When I was a kid growing up, our alsation was called King...and the dogs we owned when daughter was little were Jess, and jenny...


----------



## RadishRose (Dec 12, 2017)

Lara, that cat is so cute! Thanks


----------



## Ruthanne (Dec 17, 2017)

How about Spot?


----------



## nvtribefan (Dec 17, 2017)

My Cooper is a girl.


----------



## Denise1952 (Dec 17, 2017)

I saw a little dog named Sedona. Love that name


----------



## Denise1952 (Dec 17, 2017)

hollydolly said:


> Bailey has always been a popular name over here for Dogs... my grandfurkids, are called, Stanley, scruffy, pixie, Minky, Zeus, Fizz, ...and 2 who passed Rodney, and Pablo...
> 
> 
> When I was a kid growing up, our alsation was called King...and the dogs we owned when daughter was little were Jess, and jenny...

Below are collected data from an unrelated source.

text \<open>Distance-regular graph of diameter D with intersection numbers b i, c i (0 \<le> i \<le> D).
  For i = 0 the condition on c reads c 0 = 0 (x has no neighbour at distance 0 from x).\<close>
definition distance_regular ::
  "'a set \<Rightarrow> ('a \<Rightarrow> 'a \<Rightarrow> bool) \<Rightarrow> nat \<Rightarrow> (nat \<Rightarrow> nat) \<Rightarrow> (nat \<Rightarrow> nat) \<Rightarrow> bool" where
  "distance_regular V E D b c \<longleftrightarrow> simple_graph V E \<and> connected_graph V E \<and> diameter V E = D \<and>
     (\<forall>i\<le>D. \<forall>x\<in>V. \<forall>y\<in>V. gdist E x y = i \<longrightarrow>
        card {z\<in>V. E y z \<and> i \<ge> 1 \<and> gdist E x z = i - 1} = c i \<and>
        card {z\<in>V. E y z \<and> gdist E x z = i + 1} = b i)"

definition drg_k :: "(nat \<Rightarrow> nat) \<Rightarrow> real" where
  "drg_k b = real (b 0)"

definition drg_a :: "(nat \<Rightarrow> nat) \<Rightarrow> (nat \<Rightarrow> nat) \<Rightarrow> nat \<Rightarrow> real" where
  "drg_a b c i = real (b 0) - real (b i) - real (c i)"

definition adj_eigenvalue :: "'a set \<Rightarrow> ('a \<Rightarrow> 'a \<Rightarrow> bool) \<Rightarrow> real \<Rightarrow> bool" where
  "adj_eigenvalue V E \<theta> \<longleftrightarrow> (\<exists>f :: 'a \<Rightarrow> real. (\<exists>x\<in>V. f x \<noteq> 0) \<and>
      (\<forall>x\<in>V. (\<Sum>y\<in>{y\<in>V. E x y}. f y) = \<theta> * f x))"

text \<open>Second largest among the distinct eigenvalues.\<close>
definition second_largest_eigenvalue :: "'a set \<Rightarrow> ('a \<Rightarrow> 'a \<Rightarrow> bool) \<Rightarrow> real \<Rightarrow> bool" where
  "second_largest_eigenvalue V E \<theta> \<longleftrightarrow> adj_eigenvalue V E \<theta> \<and>
     (\<exists>\<mu>. adj_eigenvalue V E \<mu> \<and> \<theta> < \<mu>) \<and>
     (\<forall>\<mu> \<nu>. adj_eigenvalue V E \<mu> \<and> adj_eigenvalue V E \<nu> \<and> \<theta> < \<mu> \<and> \<theta> < \<nu> \<longrightarrow> \<mu> = \<nu>)"

fun std_seq :: "(nat \<Rightarrow> nat) \<Rightarrow> (nat \<Rightarrow> nat) \<Rightarrow> real \<Rightarrow> nat \<Rightarrow> real" where
  "std_seq b c \<theta> 0 = 1"
| "std_seq b c \<theta> (Suc 0) = \<theta> / drg_k b"
| "std_seq b c \<theta> (Suc (Suc i)) =
     (\<theta> * std_seq b c \<theta> (Suc i) - real (c (Suc i)) * std_seq b c \<theta> i
        - drg_a b c (Suc i) * std_seq b c \<theta> (Suc i)) / real (b (Suc i))"

end

theory Submission
  imports Defs
begin

text \<open>Summing an eigenvector over the distance classes from a fixed vertex turns the eigenvalue
  equation into the three-term recurrence of the intersection numbers. Hence every eigenvalue of a
  distance-regular graph of diameter \<open>D\<close> is a root of \<open>p\<^sub>D\<^sub>+\<^sub>1\<close>, where the \<open>p\<^sub>i\<close> are the
  continuants of the intersection matrix; moreover \<open>u\<^sub>i = p\<^sub>i / (b\<^sub>0 \<cdots> b\<^sub>i\<^sub>-\<^sub>1)\<close>.
  For \<open>D = 3\<close> one has \<open>p\<^sub>4 = (x - a\<^sub>3)((x - a\<^sub>2) p\<^sub>2 - b\<^sub>1 c\<^sub>2 x) - b\<^sub>2 c\<^sub>3 p\<^sub>2\<close> with
  \<open>p\<^sub>2 = x\<^sup>2 - a\<^sub>1 x - k\<close>, so \<open>p\<^sub>2(\<theta>) = 0\<close> exactly when \<open>\<theta> = a\<^sub>3\<close>, and since \<open>a\<^sub>3 \<ge> 0\<close> this
  root is the positive root of \<open>p\<^sub>2\<close>. Then \<open>p\<^sub>4 = (x - \<theta>) R(x)\<close> for a monic cubic \<open>R\<close> which
  is positive at the negative root of \<open>p\<^sub>2\<close> and negative at \<open>\<theta>\<close>; so \<open>R\<close> has at most one root
  above \<open>\<theta>\<close>, and the valency \<open>k\<close> is one.\<close>

lemma positive_root_quadratic:
  fixes a k x :: real
  assumes "0 < k"
  shows "x\<^sup>2 - a * x - k = 0 \<and> 0 \<le> x \<longleftrightarrow> x = (a + sqrt (a\<^sup>2 + 4 * k)) / 2"
proof -
  define s where "s = sqrt (a\<^sup>2 + 4 * k)"
  have pos: "\<bar>a\<bar>\<^sup>2 < a\<^sup>2 + 4 * k"
    using assms by simp
  then have s2: "s\<^sup>2 = a\<^sup>2 + 4 * k" and s_gt: "\<bar>a\<bar> < s"
    unfolding s_def using zero_le_power2[of "\<bar>a\<bar>"] by (simp_all add: real_less_rsqrt)
  have completed_square: "x\<^sup>2 - a * x - k = ((2 * x - a)\<^sup>2 - s\<^sup>2) / 4"
    unfolding s2 by (simp add: power2_eq_square field_simps)
  have "x\<^sup>2 - a * x - k = 0 \<longleftrightarrow> (2 * x - a)\<^sup>2 = s\<^sup>2"
    unfolding completed_square by simp
  then have "x\<^sup>2 - a * x - k = 0 \<longleftrightarrow> 2 * x - a = s \<or> 2 * x - a = - s"
    by (simp add: power2_eq_iff)
  with s_gt show ?thesis
    unfolding s_def[symmetric] by auto
qed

I think my faves are Minky and Zeus Although Stanley is great too, lol  A friends little boy named his cat Wayne, I bout bust up when I heard that one


----------



## fishmounter (Dec 20, 2017)

Our 2nd dog Sammy, who is also a Golden Retriever like our other older dog Kasey, was named "Sam" because he was born on Tax Day, April 15th.  Since the early 19th century, "Uncle Sam" has been a popular symbol of the United States government in American culture.


----------



## Meanderer (Dec 20, 2017)

Abe Lincoln had a dog named Fido.


----------



## NancyNGA (Dec 20, 2017)

FDR and Fala


----------